沒有料到由心會這麽說的恒玄,立刻露出吃癟一樣的表情。但他并沒有就此放棄,借着扯着嗓子吼:“臭丫頭,你前幾日可不是這樣的,不是很嚣張嗎?!”
“聽聞恒世子你啊,不僅揮金如土,還風流倜傥,引得揚州城無數少女盡折腰?”沒有像往常一樣,直接就對着恒玄一拳揍上去,而是放長線釣大魚一般,給恒玄在不知不覺中下套。
“那是。”恒玄一副得意洋洋的模樣,擡手就想拿先前的玳瑁扇,這才想到他的玳瑁扇已經被他丢到荷花池裏去了。但他并沒有在意那麽多,幹咳一聲後炫耀道:“我看你也算有點墨水,該知道當年東吳的孫策、周瑜吧。揚州的姑娘們都說,我與當年的周郎、孫郎二人相比,有過之而不及。”
恒玄話語剛落,由心就忍不住“噗嗤”一聲笑出來。想當年東吳孫策、赤壁周郎,也算三國之中赫赫有名之輩。指點江山意氣風發之态,哪裏是眼前這個二世祖恒玄能比拟的?
由心的笑聲才落地,她腦海中孫策的名字一閃而過之時,反倒有些愣住了。之前看着碧荷連天的池面時所有的感觸又冒上心頭。
綠眸的男童認真的一字一句道:“由心,你不要怕,哪怕你曹家覆滅了,待我孫家一統江山,我也會護你周全。”

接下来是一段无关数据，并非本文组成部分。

lemma entropy_mixture_ge:
  assumes "distr q p" "distr q d" "0 \<le> t" "t \<le> 1"
  shows "(1 - t) * entropy q p \<le> entropy q (mixture t p d)"
proof -
  have "0 \<le> t * entropy q d"
    using entropy_nonneg[OF assms(2)] assms(3) by simp
  then show ?thesis
    using entropy_concave[OF assms] by linarith
qed

lemma entropy_mixture_uniform_ge:
  assumes "distr q p" "0 \<le> t" "t \<le> 1"
  shows "entropy q p \<le> entropy q (mixture t p (uniform q))"
proof -
  have "t * entropy q p \<le> t"
    using entropy_le_1[OF assms(1)] assms(2) by (simp add: mult_left_le)
  then show ?thesis
    using entropy_concave[OF assms(1) distr_uniform assms(2,3)]
    by (simp add: entropy_uniform algebra_simps)
qed

lemma sum_spike:
  "(\<Sum>i=1..q. f (spike q a i)) = f a + (real q - 1) * f ((1 - a) / (real q - 1))"
proof -
  have "(\<Sum>i=1..q. f (spike q a i)) = f a + (\<Sum>i=2..q. f (spike q a i))"
    using q_ge_2 by (simp add: sum.atLeast_Suc_atMost spike_def numeral_2_eq_2)
  also have "(\<Sum>i=2..q. f (spike q a i)) = (\<Sum>i=2..q. f ((1 - a) / (real q - 1)))"
    by (intro sum.cong) (auto simp: spike_def)
  finally show ?thesis using q_ge_2 by (simp add: of_nat_diff)
qed

lemma distr_spike: "0 \<le> a \<Longrightarrow> a \<le> 1 \<Longrightarrow> distr q (spike q a)"
  using q_ge_2 sum_spike[of "\<lambda>x. x" a] by (auto simp: distr_def spike_def)
lemma T_star_le_shift:
  assumes P: "(\<lambda>a. P a s) \<in> Act \<rightarrow>\<^sub>M prob_algebra M" and r: "(\<lambda>a. r a s) \<in> borel_measurable Act"
    and A: "A s \<subseteq> space Act" and r_bdd: "bdd_above ((\<lambda>a. r a s) ` A s)"
    and U: "U \<in> borel_measurable M" and U': "U' \<in> borel_measurable M"
    and U'_bdd: "bounded_fun M U'"
    and le: "\<And>s'. s' \<in> space M \<Longrightarrow> U s' \<le> U' s' + D"
    and \<beta>: "0 \<le> \<beta>" and \<tau>: "0 < \<tau>" "\<tau> < 1"
    and attained: "\<exists>a\<in>A s. quantile \<tau> (step_law P r \<beta> U s a) = T_star \<tau> A P r \<beta> U s"
  shows "T_star \<tau> A P r \<beta> U s \<le> T_star \<tau> A P r \<beta> U' s + \<beta> * D"
proof -
  have P_a: "P a s \<in> space (prob_algebra M)" if "a \<in> A s" for a
    using measurable_space[OF P] A that by blast
  have law: "real_distribution (step_law P r \<beta> V s a)"
    if "a \<in> A s" "V \<in> borel_measurable M" for a V
    using measurable_space[OF step_law_kernel[where P=P and r=r and s=s, OF P r that(2)]] A that(1)
    by (blast intro: real_distribution_of_prob_algebra)
  \<comment> \<open>An upper bound on the quantiles at \<open>U'\<close> is needed because \<open>SUP\<close> of a set of reals
    that is not bounded above is a junk value.\<close>
  obtain R where R: "\<And>a. a \<in> A s \<Longrightarrow> r a s \<le> R" using r_bdd by (auto simp: bdd_above_def)
  obtain B where B: "\<And>s'. s' \<in> space M \<Longrightarrow> \<bar>U' s'\<bar> \<le> B" using U'_bdd by (auto simp: bounded_fun_def)
  have "quantile \<tau> (step_law P r \<beta> U' s a) \<le> R + \<beta> * B" if a: "a \<in> A s" for a
  proof (rule real_distribution.quantile_le[OF law[OF a U'] \<tau>(1)])
    have "r a s + \<beta> * U' s' \<le> R + \<beta> * B" if "s' \<in> space M" for s'
    proof -
      have "U' s' \<le> B" using B[OF that] by simp
      from add_mono[OF R[OF a] mult_left_mono[OF this \<beta>]] show ?thesis .
    qed
    then have "{s'\<in>space M. r a s + \<beta> * U' s' \<le> R + \<beta> * B} = space (P a s)"
      using P_a[OF a] by (auto simp: space_prob_algebra dest: sets_eq_imp_space_eq)
    then show "\<tau> \<le> measure (step_law P r \<beta> U' s a) {..R + \<beta> * B}"
      using P_a[OF a] \<tau>(2)
      by (simp add: measure_step_law_atMost[where P=P and a=a and s=s, OF P_a[OF a] U']
          space_prob_algebra prob_space.prob_space)
  qed
  then have "bdd_above ((\<lambda>a. quantile \<tau> (step_law P r \<beta> U' s a)) ` A s)"
    by (intro bdd_aboveI[where M="R + \<beta> * B"]) auto
  moreover have "quantile \<tau> (step_law P r \<beta> U s a) \<le> quantile \<tau> (step_law P r \<beta> U' s a) + \<beta> * D"
    if a: "a \<in> A s" for a
    using law[OF a U] law[OF a U'] \<tau>
      measure_step_law_atMost_shift[where P=P and a=a and s=s, OF P_a[OF a] U U' le \<beta>]
    by (intro quantile_le_quantile_add) auto
  ultimately show ?thesis
    using attained unfolding T_star_def by (intro cSUP_le_cSUP_add) auto
qed
theorem sym_induced_topology_eq_iff_continuous_map_lower:
  assumes "compact_space T" "Hausdorff_space T" "separated_metric_on (topspace T) d"
  shows "sym_induced_topology T d = T \<longleftrightarrow>
    continuous_map (prod_topology T T) lower_topology (\<lambda>(x, y). d x y)"
proof -
  have metric: "is_metric_on (topspace T) d"
    using assms(3) unfolding separated_metric_on_def by blast
  show ?thesis
    unfolding continuous_map_lower_topology_iff_balls_openin[OF metric]
  proof
    assume "sym_induced_topology T d = T"
    then show "balls_openin T d"
      using balls_openin_sym_induced_topology by metis
  next
    assume "balls_openin T d"
    then have coarser: "openin (sym_induced_topology T d) U \<Longrightarrow> openin T U" for U
      by (rule openin_sym_induced_topology_imp_openin)
    have "T = sym_induced_topology T d"
      by (rule compact_Hausdorff_space_optimal[OF _ coarser
            Hausdorff_space_sym_induced_topology[OF assms(3)] assms(1)]) simp
    then show "sym_induced_topology T d = T"
      by simp
  qed
qed

lemma continuous_map_lower_topology_iff_upper_semicontinuous_enn2real:
  assumes "\<And>x. x \<in> topspace X \<Longrightarrow> f x \<noteq> \<infinity>"
  shows "continuous_map X lower_topology f \<longleftrightarrow>
    (\<forall>b. openin X {x \<in> topspace X. enn2real (f x) < b})"
  unfolding continuous_map_lower_topology_iff
proof (intro iffI allI)
  fix b
  assume "\<forall>u. openin X {x \<in> topspace X. f x < u}"
  moreover have "{x \<in> topspace X. enn2real (f x) < b} = {x \<in> topspace X. f x < ennreal b}"
    using assms by (auto simp: less_top)
  ultimately show "openin X {x \<in> topspace X. enn2real (f x) < b}"
    by simp
next
  fix u :: ennreal
  assume lt: "\<forall>b. openin X {x \<in> topspace X. enn2real (f x) < b}"
  show "openin X {x \<in> topspace X. f x < u}"
  proof (cases u rule: ennreal_cases)
    case (real b)
    then have "{x \<in> topspace X. f x < u} = {x \<in> topspace X. enn2real (f x) < b}"
      using assms by (auto simp: less_top)
    with lt show ?thesis
      by simp
  next
    case top
    then have "{x \<in> topspace X. f x < u} = topspace X"
      using assms by (auto simp: less_top)
    then show ?thesis
      by simp
  qed
qed

lemma lower_semicontinuous_enn2real_if_continuous_map_upper:
  assumes "\<And>x. x \<in> topspace X \<Longrightarrow> f x \<noteq> \<infinity>" "continuous_map X upper_topology f"
  shows "openin X {x \<in> topspace X. a < enn2real (f x)}"
proof (cases "0 \<le> a")
  case True
  then have "{x \<in> topspace X. a < enn2real (f x)} = {x \<in> topspace X. ennreal a < f x}"
    using assms(1) ennreal_less_iff_less_enn2real by blast
  then show ?thesis
    using assms(2) by (simp add: continuous_map_upper_topology_iff)
next
  case False
  then have "{x \<in> topspace X. a < enn2real (f x)} = topspace X"
    by (auto intro: less_le_trans[OF _ enn2real_nonneg])
  then show ?thesis
    by simp
qed

theorem continuous_map_lower_topology_iff_continuous_map_enn2real:
  assumes "\<And>x. x \<in> topspace X \<Longrightarrow> f x \<noteq> \<infinity>" "continuous_map X upper_topology f"
  shows "continuous_map X lower_topology f \<longleftrightarrow>
    continuous_map X (subtopology euclideanreal {0..}) (\<lambda>x. enn2real (f x))"
proof -
  have "continuous_map X lower_topology f \<longleftrightarrow>
      (\<forall>b. openin X {x \<in> topspace X. enn2real (f x) < b})"
    by (rule continuous_map_lower_topology_iff_upper_semicontinuous_enn2real[OF assms(1)])
  moreover have "openin X {x \<in> topspace X. a < enn2real (f x)}" for a
    by (rule lower_semicontinuous_enn2real_if_continuous_map_upper[OF assms])
  ultimately show ?thesis
    unfolding continuous_map_upper_lower_semicontinuous_lt_gen by simp
qed
(* Let $e$ be a closed term with $\vdash e:\perp\to X$, where $X$ is a propositional variable. Then for each term $u$ and each finite sequence of terms $\bar v$, $(e\;u)\;\bar v\triangleright^*\underline{\mu}.u$, i.e. $(e\;u)\;\bar v$ reduces to some element of $M_u$.
   Context: $\lambda\mu$-terms: $t::= x\mid \lambda x.t\mid (t\;t)\mid \mu a.t\mid (a\;t)$ over disjoint infinite sets of $\lambda$-variables and $\mu$-variables; types built from propositional variables and $\perp$ with $\to$. Reduction $(\lambda x.u\;v)\triangleright u[x:=v]$, $(\mu a.u\;v)\triangleright\mu a.u[a:=^*v]$ ($u[a:=^*v]$ replaces each subterm $(a\;w)$ of $u$ by $(a\;(w\;v))$), $\triangleright^*$ its reflexive transitive compatible closure. Typing rules: (ax) $\Gamma\vdash x:A;\Delta$ if $x:A\in\Gamma$; ($\to_i$) from $\Gamma,x:A\vdash t:B;\Delta$ infer $\Gamma\vdash\lambda x.t:A\to B;\Delta$; ($\to_e$) from $\Gamma\vdash u:A\to B;\Delta$, $\Gamma\vdash v:A;\Delta$ infer $\Gamma\vdash(u\;v):B;\Delta$; ($\mu$) from $\Gamma\vdash t:\perp;\Delta,a:A$ infer $\Gamma\vdash\mu a.t:A;\Delta$; ($\perp$) from $\Gamma\vdash t:A;\Delta,a:A$ infer $\Gamma\vdash(a\;t):\perp;\Delta,a:A$; $\vdash$ means empty contexts. For a sequence $\bar v=v_1\dots v_n$, $t\;\bar v=((t\;v_1)\dots v_n)$. For a term $t$, $M_t$ is the smallest set containing $t$ such that $w\in M_t$ and $a$ a $\mu$-variable imply $\mu a.w\in M_t$ and $(a\;w)\in M_t$; $\underline{\mu}.t$ denotes an arbitrary element of $M_t$. *)

theory Defs
  imports Main
begin

text \<open>Lambda-mu terms in de Bruijn notation, with two disjoint sorts of
indices: lambda-variables (bound by Lam) and mu-variables (bound by Mu).
  Var i      : lambda-variable x
  Lam t      : \<lambda>x.t
  App t s    : (t s)
  Mu t       : \<mu>a.t
  Named a t  : (a t)\<close>

datatype trm = Var nat | Lam trm | App trm trm | Mu trm | Named nat trm

datatype ty = PV nat | Bot | Arr ty ty

fun liftL :: "nat \<Rightarrow> trm \<Rightarrow> trm" where
  "liftL k (Var i) = (if i < k then Var i else Var (Suc i))"
| "liftL k (Lam t) = Lam (liftL (Suc k) t)"
| "liftL k (App t s) = App (liftL k t) (liftL k s)"
| "liftL k (Mu t) = Mu (liftL k t)"
| "liftL k (Named a t) = Named a (liftL k t)"

fun liftM :: "nat \<Rightarrow> trm \<Rightarrow> trm" where
  "liftM k (Var i) = Var i"
| "liftM k (Lam t) = Lam (liftM k t)"
| "liftM k (App t s) = App (liftM k t) (liftM k s)"
| "liftM k (Mu t) = Mu (liftM (Suc k) t)"
| "liftM k (Named a t) = Named (if a < k then a else Suc a) (liftM k t)"
lemma multop_indicator_ge_in_polyAlg: "multop (\<lambda>k. if k \<ge> j then 1 else 0) \<in> polyAlg"
proof -
  have "multop (\<lambda>k. if k \<ge> j then 1 else 0) = Upow j \<circ> Pge0 \<circ> Upow (-j)"
    by (simp add: fun_eq_iff multop_def Pge0_def Upow_def)
  then show ?thesis
    using polyAlg.mult Upow_in_polyAlg polyAlg.genPge0 by metis
qed

lemma eventually_const_decompose:
  fixes a :: "int \<Rightarrow> 'a::ring_1"
  assumes "\<forall>k l. k \<ge> K \<longrightarrow> l \<ge> K \<longrightarrow> a k = a l"
    and "\<forall>k l. k \<le> -K \<longrightarrow> l \<le> -K \<longrightarrow> a k = a l"
  shows "a k = a (-K) + (\<Sum>j\<in>{-K<..<K}. (a j - a (-K)) * (if k = j then 1 else 0))
                      + (a K - a (-K)) * (if k \<ge> K then 1 else 0)"
proof -
  have "(\<Sum>j\<in>{-K<..<K}. (a j - a (-K)) * (if k = j then 1 else 0)) =
        (if k \<in> {-K<..<K} then a k - a (-K) else 0)"
    by (simp add: if_distrib sum.delta' cong: if_cong)
  moreover have "a k = a K" if "k \<ge> K"
    using assms(1) that by blast
  moreover have "a k = a (-K)" if "k \<le> -K"
    using assms(2) that by blast
  ultimately show ?thesis
    by (cases "k \<ge> K") auto
qed

lemma multop_in_polyAlg:
  assumes "eventually_const a"
  shows "multop a \<in> polyAlg"
proof -
  obtain K where top: "\<forall>k l. k \<ge> K \<longrightarrow> l \<ge> K \<longrightarrow> a k = a l"
    and bot: "\<forall>k l. k \<le> -K \<longrightarrow> l \<le> -K \<longrightarrow> a k = a l"
    using assms unfolding eventually_const_def by blast
  have "multop a = (\<lambda>f k. a (-K) * f k
      + ((\<Sum>j\<in>{-K<..<K}. (a j - a (-K)) * multop (\<lambda>k. if k = j then 1 else 0) f k)
      + (a K - a (-K)) * multop (\<lambda>k. if k \<ge> K then 1 else 0) f k))" (is "_ = ?R")
  proof (intro ext)
    fix f k
    show "multop a f k = ?R f k"
      using eventually_const_decompose[OF top bot, of k]
      by (simp only: multop_def distrib_right sum_distrib_right mult.assoc add.assoc)
  qed
  also have "\<dots> \<in> polyAlg"
    by (intro polyAlg.add polyAlg.scalar polyAlg_sum polyAlg_scale finite_greaterThanLessThan_int
        multop_indicator_eq_in_polyAlg multop_indicator_ge_in_polyAlg)
  finally show ?thesis .
qed

lemma algA_subset_polyAlg: "algA \<subseteq> polyAlg"
proof
  fix T
  assume "T \<in> algA"
  then obtain N a where N: "finite N" "\<forall>n\<in>N. eventually_const (a n)"
    and T: "T = (\<lambda>f k. \<Sum>n\<in>N. Upow n (multop (a n) f) k)"
    by (rule algA_memE)
  have "(\<lambda>f k. \<Sum>n\<in>N. (Upow n \<circ> multop (a n)) f k) \<in> polyAlg"
    by (intro polyAlg_sum polyAlg.mult Upow_in_polyAlg multop_in_polyAlg) (use N in auto)
  then show "T \<in> polyAlg"
    by (simp add: T)
qed

subsection \<open>The polynomials in the generators lie in \<open>\<A>\<close>\<close>

lemma sum_Upow_multop_in_algA:
  assumes "finite I" "\<And>i. i \<in> I \<Longrightarrow> eventually_const (a i)"
  shows "(\<lambda>f k. \<Sum>i\<in>I. Upow (n i) (multop (a i) f) k) \<in> algA"
proof -
  define b where "b p = (\<lambda>j. \<Sum>i\<in>{i\<in>I. n i = p}. a i j)" for p
  have "(\<Sum>i\<in>I. Upow (n i) (multop (a i) f) k) =
      (\<Sum>p\<in>n ` I. Upow p (multop (b p) f) k)" for f k
  proof -
    have "(\<Sum>i\<in>I. Upow (n i) (multop (a i) f) k) =
        (\<Sum>p\<in>n ` I. \<Sum>i\<in>{i\<in>I. n i = p}. Upow (n i) (multop (a i) f) k)"
      using assms(1) by (rule sum.image_gen)
    also have "\<dots> = (\<Sum>p\<in>n ` I. Upow p (multop (b p) f) k)"
      by (intro sum.cong refl) (simp add: Upow_multop_apply b_def sum_distrib_right)
    finally show ?thesis .
  qed
  moreover have "(\<lambda>f k. \<Sum>p\<in>n ` I. Upow p (multop (b p) f) k) \<in> algA"
    using assms unfolding b_def by (intro algA_memI eventually_const_sum) auto
  ultimately show ?thesis
    by simp
qed

lemma Upow_multop_in_algA: "eventually_const a \<Longrightarrow> Upow n \<circ> multop a \<in> algA"
  using sum_Upow_multop_in_algA[of "{()}" "\<lambda>_. a" "\<lambda>_. n"] by (simp add: comp_def)

lemma algA_add:
  assumes "S \<in> algA" "T \<in> algA"
  shows "(\<lambda>f k. S f k + T f k) \<in> algA"
proof -
  obtain M b where M: "finite M" "\<forall>m\<in>M. eventually_const (b m)"
    and S: "S = (\<lambda>f k. \<Sum>m\<in>M. Upow m (multop (b m) f) k)"
    using assms(1) by (rule algA_memE)
  obtain N a where N: "finite N" "\<forall>n\<in>N. eventually_const (a n)"
    and T: "T = (\<lambda>f k. \<Sum>n\<in>N. Upow n (multop (a n) f) k)"
    using assms(2) by (rule algA_memE)
  have "(\<lambda>f k. \<Sum>i\<in>M <+> N. Upow (case_sum id id i) (multop (case_sum b a i) f) k) \<in> algA"
    using M N by (intro sum_Upow_multop_in_algA) auto
  then show ?thesis
    using M N by (simp add: S T sum.Plus comp_def)
qed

“哈哈笑話,就憑你這小屁孩?”小女童忍不住嘲諷起來:“我爹爹翻手爲雲覆手爲雨,乃大漢的曹丞相,我堂堂曹家怎麽會有覆滅的一天?!”
“我娘親說的,說你曹家的兒子都是飯桶,數量雖多,但有點能耐的都夭折了。你看着吧,漢室會滅,曹家也不會長久的……”
男童的話還沒說完,女童已經氣得将他撲到,甚至盛氣淩人的将他壓倒在地上,伸手就去打他:“你胡言亂語,你娘親厲害還是我娘親厲害?!我娘親都沒預言過這樣的話來……”
由心一邊說一邊抽噎起來。那時候她弟弟曹沖剛中鼠疫身亡,和她關系好的長兄曹昂也在戰亂中爲救父親曹操被流矢射死。可她偏偏不願承認男童說的是真話。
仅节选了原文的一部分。